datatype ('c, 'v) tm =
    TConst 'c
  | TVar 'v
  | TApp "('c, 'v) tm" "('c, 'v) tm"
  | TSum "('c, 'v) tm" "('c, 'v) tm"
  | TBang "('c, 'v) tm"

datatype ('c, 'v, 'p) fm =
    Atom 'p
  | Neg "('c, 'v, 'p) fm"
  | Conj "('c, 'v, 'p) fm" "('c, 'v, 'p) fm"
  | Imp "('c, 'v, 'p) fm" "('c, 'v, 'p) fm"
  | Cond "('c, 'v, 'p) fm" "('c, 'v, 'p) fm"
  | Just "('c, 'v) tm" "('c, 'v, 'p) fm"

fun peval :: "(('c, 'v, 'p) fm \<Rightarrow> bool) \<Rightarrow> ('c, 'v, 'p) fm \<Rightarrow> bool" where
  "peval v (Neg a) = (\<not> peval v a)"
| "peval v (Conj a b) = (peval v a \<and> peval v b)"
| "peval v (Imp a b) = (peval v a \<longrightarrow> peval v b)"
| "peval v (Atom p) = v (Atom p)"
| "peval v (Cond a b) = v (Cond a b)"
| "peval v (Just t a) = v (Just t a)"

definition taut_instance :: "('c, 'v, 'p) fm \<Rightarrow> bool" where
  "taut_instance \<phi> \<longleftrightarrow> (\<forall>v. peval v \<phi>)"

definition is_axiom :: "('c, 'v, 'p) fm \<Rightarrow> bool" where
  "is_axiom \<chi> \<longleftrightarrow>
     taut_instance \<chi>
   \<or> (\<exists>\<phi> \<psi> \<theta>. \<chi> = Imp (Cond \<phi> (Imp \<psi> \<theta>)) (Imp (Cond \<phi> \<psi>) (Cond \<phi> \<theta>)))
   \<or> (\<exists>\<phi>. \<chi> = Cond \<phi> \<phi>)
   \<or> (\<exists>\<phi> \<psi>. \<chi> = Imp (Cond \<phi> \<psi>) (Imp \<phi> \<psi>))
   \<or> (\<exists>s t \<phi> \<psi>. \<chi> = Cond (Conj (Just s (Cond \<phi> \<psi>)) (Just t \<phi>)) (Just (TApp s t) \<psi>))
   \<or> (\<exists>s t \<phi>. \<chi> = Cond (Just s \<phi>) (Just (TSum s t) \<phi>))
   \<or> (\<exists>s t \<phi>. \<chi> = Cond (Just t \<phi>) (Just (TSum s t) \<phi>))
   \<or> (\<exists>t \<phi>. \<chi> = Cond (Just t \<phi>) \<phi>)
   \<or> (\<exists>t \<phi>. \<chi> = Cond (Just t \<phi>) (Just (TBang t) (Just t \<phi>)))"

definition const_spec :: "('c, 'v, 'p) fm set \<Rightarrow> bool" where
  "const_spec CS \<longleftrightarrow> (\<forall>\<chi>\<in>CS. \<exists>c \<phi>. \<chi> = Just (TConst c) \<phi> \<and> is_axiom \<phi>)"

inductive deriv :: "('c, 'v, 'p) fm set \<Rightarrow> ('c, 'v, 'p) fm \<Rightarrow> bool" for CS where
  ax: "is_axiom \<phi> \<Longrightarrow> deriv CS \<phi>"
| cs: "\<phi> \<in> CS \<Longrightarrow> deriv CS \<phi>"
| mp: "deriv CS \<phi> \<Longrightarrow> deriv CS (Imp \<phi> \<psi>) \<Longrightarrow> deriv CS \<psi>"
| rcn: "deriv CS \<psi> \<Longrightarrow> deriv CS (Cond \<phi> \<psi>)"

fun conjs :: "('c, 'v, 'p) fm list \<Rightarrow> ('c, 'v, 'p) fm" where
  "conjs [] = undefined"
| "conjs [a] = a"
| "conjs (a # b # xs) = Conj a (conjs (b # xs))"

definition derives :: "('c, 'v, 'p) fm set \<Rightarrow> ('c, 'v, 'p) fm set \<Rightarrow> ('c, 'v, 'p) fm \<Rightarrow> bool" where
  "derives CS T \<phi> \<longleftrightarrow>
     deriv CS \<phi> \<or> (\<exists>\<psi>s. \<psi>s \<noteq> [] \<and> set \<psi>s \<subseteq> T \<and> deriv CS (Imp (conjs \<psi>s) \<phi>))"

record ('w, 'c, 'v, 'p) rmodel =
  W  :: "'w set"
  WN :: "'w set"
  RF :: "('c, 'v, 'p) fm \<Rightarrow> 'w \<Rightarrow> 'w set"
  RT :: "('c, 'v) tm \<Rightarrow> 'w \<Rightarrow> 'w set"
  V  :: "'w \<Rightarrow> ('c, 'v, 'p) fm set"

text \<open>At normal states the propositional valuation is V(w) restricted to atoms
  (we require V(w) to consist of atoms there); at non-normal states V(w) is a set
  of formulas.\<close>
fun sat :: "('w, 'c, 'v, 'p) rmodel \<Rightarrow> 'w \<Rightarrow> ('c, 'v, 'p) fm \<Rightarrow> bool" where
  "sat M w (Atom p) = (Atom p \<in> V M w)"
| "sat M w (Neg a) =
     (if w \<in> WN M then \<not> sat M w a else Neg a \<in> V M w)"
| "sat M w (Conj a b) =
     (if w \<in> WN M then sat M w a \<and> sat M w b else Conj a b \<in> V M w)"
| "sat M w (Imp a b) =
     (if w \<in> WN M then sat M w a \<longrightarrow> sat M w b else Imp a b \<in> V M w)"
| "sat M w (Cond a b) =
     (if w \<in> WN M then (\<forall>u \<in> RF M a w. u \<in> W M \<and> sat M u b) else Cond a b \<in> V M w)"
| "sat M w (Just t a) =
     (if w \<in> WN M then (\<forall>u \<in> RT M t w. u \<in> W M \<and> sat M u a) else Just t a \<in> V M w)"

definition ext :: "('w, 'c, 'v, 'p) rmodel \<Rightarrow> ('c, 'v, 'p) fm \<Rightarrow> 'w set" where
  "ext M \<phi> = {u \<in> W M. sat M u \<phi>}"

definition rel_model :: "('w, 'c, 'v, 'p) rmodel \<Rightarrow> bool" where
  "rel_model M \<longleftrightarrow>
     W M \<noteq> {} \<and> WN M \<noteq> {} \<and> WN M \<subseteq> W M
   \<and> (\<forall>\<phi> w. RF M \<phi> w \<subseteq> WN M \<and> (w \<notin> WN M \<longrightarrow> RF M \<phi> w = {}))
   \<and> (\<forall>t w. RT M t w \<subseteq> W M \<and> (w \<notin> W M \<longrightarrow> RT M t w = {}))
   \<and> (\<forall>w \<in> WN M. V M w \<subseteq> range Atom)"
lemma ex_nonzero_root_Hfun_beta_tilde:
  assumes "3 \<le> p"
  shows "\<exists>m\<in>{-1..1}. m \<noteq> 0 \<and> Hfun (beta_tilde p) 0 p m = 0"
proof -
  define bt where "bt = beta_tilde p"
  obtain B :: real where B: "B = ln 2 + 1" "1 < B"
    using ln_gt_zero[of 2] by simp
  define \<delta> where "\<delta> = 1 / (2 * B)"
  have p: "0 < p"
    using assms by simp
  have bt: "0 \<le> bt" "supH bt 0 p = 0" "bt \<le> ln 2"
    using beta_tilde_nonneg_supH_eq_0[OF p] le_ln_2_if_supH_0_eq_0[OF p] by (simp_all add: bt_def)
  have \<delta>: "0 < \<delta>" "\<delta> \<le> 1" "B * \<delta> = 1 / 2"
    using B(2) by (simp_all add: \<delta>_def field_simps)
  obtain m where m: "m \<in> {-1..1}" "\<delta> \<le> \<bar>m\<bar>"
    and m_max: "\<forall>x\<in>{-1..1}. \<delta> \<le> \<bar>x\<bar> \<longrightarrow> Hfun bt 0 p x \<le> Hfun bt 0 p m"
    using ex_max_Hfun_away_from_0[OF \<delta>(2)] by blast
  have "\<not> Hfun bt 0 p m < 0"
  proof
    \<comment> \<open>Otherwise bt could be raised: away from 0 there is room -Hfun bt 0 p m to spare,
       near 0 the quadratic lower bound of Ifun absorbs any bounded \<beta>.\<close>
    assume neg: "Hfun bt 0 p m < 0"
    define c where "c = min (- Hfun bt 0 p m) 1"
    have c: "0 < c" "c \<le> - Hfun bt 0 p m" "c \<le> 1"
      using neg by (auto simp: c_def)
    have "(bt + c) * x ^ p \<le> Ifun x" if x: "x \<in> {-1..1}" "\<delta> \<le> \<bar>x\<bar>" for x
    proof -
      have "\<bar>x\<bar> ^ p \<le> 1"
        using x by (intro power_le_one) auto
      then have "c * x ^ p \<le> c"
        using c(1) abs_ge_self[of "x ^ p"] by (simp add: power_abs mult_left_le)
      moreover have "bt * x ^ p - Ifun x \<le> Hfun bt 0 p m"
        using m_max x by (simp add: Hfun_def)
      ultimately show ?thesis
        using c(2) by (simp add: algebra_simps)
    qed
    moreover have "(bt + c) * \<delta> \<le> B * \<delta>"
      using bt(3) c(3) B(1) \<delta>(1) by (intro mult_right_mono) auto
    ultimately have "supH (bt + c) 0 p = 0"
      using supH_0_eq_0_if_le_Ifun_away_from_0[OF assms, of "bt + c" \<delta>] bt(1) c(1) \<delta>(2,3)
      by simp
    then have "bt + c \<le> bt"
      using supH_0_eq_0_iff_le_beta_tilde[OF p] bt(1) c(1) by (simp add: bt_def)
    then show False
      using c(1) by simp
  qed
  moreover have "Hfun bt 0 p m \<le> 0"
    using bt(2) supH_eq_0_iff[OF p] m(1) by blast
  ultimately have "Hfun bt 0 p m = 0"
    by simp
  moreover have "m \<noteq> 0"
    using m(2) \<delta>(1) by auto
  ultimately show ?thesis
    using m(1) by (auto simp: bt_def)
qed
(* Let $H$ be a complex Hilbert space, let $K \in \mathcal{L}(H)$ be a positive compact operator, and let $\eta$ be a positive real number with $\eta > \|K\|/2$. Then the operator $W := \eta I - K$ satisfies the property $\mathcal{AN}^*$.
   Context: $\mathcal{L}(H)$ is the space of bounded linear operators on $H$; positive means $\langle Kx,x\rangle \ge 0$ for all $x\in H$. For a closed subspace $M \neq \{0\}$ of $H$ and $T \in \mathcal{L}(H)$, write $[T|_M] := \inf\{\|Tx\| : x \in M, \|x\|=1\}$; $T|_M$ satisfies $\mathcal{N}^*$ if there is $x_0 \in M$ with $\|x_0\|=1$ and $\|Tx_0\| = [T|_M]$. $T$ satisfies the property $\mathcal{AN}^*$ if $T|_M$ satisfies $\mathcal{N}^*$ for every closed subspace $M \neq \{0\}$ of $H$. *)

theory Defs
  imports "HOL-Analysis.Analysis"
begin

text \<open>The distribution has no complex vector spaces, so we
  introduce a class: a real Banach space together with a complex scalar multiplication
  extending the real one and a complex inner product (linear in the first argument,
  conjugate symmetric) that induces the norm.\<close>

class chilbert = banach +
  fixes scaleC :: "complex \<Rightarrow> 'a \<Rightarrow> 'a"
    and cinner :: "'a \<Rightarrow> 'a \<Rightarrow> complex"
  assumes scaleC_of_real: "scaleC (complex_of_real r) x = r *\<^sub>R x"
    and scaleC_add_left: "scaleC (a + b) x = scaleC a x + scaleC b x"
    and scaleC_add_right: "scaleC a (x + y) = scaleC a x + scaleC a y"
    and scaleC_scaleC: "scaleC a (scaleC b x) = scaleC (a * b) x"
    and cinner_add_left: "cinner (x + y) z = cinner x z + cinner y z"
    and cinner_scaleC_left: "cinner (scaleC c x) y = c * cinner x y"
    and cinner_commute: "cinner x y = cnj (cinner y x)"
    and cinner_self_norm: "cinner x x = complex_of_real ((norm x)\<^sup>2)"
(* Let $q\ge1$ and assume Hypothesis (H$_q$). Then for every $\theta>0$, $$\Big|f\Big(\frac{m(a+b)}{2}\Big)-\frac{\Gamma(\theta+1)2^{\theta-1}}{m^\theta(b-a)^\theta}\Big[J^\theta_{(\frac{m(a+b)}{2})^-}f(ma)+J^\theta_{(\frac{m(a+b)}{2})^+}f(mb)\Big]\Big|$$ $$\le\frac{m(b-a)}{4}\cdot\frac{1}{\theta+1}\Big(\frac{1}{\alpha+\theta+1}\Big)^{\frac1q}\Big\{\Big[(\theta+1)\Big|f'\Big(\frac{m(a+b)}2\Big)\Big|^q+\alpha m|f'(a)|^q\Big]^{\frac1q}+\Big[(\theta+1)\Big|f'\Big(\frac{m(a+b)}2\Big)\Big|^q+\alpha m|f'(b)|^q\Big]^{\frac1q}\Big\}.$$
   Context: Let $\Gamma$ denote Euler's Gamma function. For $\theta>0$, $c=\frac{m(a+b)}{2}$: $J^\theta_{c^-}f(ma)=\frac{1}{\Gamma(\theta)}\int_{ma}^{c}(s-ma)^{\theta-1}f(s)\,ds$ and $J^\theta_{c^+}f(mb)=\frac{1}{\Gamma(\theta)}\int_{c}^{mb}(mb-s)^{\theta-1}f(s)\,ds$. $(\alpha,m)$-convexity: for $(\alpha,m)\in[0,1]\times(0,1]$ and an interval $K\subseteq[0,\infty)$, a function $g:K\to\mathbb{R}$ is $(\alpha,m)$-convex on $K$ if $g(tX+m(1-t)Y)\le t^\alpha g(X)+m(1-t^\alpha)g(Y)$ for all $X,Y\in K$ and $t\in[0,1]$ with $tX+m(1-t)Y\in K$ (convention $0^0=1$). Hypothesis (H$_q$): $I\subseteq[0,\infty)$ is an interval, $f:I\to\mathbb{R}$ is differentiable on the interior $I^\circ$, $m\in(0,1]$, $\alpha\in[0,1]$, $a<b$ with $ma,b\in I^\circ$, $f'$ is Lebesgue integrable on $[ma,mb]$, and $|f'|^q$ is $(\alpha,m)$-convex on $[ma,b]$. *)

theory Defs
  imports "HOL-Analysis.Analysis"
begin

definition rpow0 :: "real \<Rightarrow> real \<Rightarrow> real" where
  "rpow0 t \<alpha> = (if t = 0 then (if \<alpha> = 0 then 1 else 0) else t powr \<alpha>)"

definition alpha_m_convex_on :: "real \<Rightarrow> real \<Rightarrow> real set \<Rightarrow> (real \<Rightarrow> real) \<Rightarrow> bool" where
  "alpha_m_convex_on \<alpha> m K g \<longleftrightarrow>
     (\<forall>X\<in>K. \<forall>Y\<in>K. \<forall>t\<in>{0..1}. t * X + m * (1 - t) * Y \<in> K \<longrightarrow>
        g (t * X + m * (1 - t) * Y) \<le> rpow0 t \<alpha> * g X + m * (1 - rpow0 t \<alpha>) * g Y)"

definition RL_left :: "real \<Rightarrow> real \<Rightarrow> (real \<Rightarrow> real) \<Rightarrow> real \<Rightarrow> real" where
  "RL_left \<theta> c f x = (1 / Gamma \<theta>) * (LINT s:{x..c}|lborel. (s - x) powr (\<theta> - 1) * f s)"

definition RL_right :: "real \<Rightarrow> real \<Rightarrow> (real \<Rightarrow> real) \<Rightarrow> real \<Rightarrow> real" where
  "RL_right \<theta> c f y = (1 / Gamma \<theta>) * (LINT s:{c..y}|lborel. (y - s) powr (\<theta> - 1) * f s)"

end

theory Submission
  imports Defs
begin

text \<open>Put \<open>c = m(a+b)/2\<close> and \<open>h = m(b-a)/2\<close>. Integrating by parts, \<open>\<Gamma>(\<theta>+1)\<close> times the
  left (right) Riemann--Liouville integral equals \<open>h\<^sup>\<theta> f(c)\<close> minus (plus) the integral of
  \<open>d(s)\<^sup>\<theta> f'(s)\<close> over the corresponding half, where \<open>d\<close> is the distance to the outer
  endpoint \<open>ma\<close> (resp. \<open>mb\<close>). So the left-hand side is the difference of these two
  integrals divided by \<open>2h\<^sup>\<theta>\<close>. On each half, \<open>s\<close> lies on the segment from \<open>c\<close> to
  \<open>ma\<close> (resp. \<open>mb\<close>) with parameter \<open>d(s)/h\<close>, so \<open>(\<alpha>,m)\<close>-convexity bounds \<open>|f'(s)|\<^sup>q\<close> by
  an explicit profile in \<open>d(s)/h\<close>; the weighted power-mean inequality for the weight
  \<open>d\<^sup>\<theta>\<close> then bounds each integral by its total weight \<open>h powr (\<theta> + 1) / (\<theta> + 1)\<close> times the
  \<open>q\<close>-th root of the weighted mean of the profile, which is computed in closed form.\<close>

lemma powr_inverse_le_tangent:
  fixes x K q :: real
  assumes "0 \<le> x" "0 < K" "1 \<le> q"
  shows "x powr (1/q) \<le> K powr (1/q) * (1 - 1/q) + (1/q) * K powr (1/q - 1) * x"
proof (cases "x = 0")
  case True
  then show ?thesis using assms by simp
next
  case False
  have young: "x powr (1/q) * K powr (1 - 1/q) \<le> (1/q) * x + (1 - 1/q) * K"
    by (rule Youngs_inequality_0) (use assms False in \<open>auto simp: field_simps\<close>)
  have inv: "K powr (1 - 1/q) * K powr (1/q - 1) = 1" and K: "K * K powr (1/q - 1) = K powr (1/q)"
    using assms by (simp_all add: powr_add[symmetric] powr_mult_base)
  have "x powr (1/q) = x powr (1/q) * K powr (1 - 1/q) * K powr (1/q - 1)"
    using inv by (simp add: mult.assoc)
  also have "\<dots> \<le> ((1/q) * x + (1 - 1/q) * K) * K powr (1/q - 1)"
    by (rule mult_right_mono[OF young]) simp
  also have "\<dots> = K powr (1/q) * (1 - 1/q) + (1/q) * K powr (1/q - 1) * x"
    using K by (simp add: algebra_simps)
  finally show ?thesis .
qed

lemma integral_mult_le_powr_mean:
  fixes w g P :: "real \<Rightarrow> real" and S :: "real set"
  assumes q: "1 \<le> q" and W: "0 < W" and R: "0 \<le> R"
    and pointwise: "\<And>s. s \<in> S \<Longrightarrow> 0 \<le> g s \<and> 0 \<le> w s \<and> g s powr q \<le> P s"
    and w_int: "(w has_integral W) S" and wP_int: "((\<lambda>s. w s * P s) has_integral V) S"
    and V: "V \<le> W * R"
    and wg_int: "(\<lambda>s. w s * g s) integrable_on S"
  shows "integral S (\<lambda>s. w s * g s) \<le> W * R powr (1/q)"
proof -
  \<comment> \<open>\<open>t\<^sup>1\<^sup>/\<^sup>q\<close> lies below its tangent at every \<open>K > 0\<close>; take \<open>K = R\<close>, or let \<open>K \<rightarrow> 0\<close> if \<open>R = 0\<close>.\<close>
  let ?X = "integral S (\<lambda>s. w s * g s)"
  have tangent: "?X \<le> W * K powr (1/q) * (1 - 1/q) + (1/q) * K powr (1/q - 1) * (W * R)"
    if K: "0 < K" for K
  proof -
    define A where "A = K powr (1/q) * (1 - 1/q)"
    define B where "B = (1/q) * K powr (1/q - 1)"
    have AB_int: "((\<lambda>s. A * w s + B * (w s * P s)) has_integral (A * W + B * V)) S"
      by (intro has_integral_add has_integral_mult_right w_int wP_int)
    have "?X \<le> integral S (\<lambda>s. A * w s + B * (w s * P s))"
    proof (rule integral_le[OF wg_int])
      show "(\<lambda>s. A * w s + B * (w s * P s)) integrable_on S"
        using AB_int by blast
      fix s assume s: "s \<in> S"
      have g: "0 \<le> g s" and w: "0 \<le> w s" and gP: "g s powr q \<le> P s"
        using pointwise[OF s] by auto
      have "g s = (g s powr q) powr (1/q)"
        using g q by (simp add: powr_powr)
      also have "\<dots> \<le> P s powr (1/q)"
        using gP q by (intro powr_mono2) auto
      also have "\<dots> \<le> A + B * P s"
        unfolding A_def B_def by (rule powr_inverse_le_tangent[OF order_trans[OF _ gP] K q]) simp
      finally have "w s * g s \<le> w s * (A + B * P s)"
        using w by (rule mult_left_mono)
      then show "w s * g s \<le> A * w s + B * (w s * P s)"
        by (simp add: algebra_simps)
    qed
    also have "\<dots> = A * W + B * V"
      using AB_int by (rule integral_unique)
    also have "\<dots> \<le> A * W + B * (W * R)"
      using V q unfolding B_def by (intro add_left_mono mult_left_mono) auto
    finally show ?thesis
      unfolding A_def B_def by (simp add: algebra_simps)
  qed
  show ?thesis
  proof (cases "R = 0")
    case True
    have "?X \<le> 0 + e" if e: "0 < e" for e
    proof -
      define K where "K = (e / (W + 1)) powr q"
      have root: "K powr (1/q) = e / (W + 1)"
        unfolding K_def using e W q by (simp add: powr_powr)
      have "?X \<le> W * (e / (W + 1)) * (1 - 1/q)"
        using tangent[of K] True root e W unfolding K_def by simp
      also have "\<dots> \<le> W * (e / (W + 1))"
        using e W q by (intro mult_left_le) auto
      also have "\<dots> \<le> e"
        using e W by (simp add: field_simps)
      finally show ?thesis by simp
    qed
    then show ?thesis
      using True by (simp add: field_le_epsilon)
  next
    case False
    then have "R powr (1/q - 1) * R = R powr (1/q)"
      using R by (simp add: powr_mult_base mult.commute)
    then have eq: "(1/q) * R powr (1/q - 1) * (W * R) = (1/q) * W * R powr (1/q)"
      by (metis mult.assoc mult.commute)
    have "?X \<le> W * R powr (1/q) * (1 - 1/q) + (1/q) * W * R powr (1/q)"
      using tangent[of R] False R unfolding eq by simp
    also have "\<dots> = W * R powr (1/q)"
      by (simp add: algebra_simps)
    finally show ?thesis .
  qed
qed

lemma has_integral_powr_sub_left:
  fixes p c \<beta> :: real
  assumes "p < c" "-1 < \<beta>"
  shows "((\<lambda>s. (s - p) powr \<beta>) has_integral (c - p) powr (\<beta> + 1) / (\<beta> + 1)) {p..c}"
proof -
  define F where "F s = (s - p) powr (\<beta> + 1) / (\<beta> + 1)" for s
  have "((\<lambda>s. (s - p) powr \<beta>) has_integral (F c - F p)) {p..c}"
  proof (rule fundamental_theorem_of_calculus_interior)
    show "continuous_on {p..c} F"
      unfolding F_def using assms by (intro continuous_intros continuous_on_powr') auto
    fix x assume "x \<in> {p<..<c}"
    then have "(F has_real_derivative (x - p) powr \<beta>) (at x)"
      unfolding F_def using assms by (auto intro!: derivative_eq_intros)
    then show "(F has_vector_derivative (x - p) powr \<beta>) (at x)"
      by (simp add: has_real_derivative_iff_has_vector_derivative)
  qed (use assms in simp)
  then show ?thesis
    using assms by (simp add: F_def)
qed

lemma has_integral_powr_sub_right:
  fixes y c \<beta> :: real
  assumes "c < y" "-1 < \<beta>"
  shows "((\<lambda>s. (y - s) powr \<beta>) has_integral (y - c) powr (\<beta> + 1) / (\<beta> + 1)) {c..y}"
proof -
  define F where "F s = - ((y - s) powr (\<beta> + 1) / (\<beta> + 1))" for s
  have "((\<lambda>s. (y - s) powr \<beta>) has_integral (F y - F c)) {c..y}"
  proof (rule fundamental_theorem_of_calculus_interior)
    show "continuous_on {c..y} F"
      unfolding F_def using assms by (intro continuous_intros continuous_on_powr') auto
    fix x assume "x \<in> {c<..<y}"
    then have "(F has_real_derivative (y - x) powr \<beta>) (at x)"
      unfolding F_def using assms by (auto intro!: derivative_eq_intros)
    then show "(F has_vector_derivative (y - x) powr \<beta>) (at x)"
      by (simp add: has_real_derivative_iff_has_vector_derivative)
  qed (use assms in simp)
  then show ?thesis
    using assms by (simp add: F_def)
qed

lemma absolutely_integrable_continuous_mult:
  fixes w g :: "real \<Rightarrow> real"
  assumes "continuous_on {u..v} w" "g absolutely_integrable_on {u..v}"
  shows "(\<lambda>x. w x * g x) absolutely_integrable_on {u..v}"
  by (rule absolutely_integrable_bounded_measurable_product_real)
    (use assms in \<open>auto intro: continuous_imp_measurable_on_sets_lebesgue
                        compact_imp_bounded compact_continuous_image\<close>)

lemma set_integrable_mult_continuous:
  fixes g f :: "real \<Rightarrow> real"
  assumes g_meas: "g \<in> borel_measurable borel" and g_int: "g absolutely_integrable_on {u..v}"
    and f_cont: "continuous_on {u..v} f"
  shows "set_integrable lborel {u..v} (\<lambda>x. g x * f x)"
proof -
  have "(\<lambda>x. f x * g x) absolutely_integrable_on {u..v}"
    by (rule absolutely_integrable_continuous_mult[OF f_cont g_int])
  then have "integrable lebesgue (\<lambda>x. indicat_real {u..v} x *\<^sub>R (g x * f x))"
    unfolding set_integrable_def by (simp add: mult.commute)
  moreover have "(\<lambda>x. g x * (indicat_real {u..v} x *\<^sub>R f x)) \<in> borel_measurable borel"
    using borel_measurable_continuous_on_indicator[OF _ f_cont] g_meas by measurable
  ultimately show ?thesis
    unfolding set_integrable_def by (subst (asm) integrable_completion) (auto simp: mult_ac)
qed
################
YOUR OBJECTIVE: Where a line above contains the string "normal", tally it, then give the number alone.

RESPONSE: 2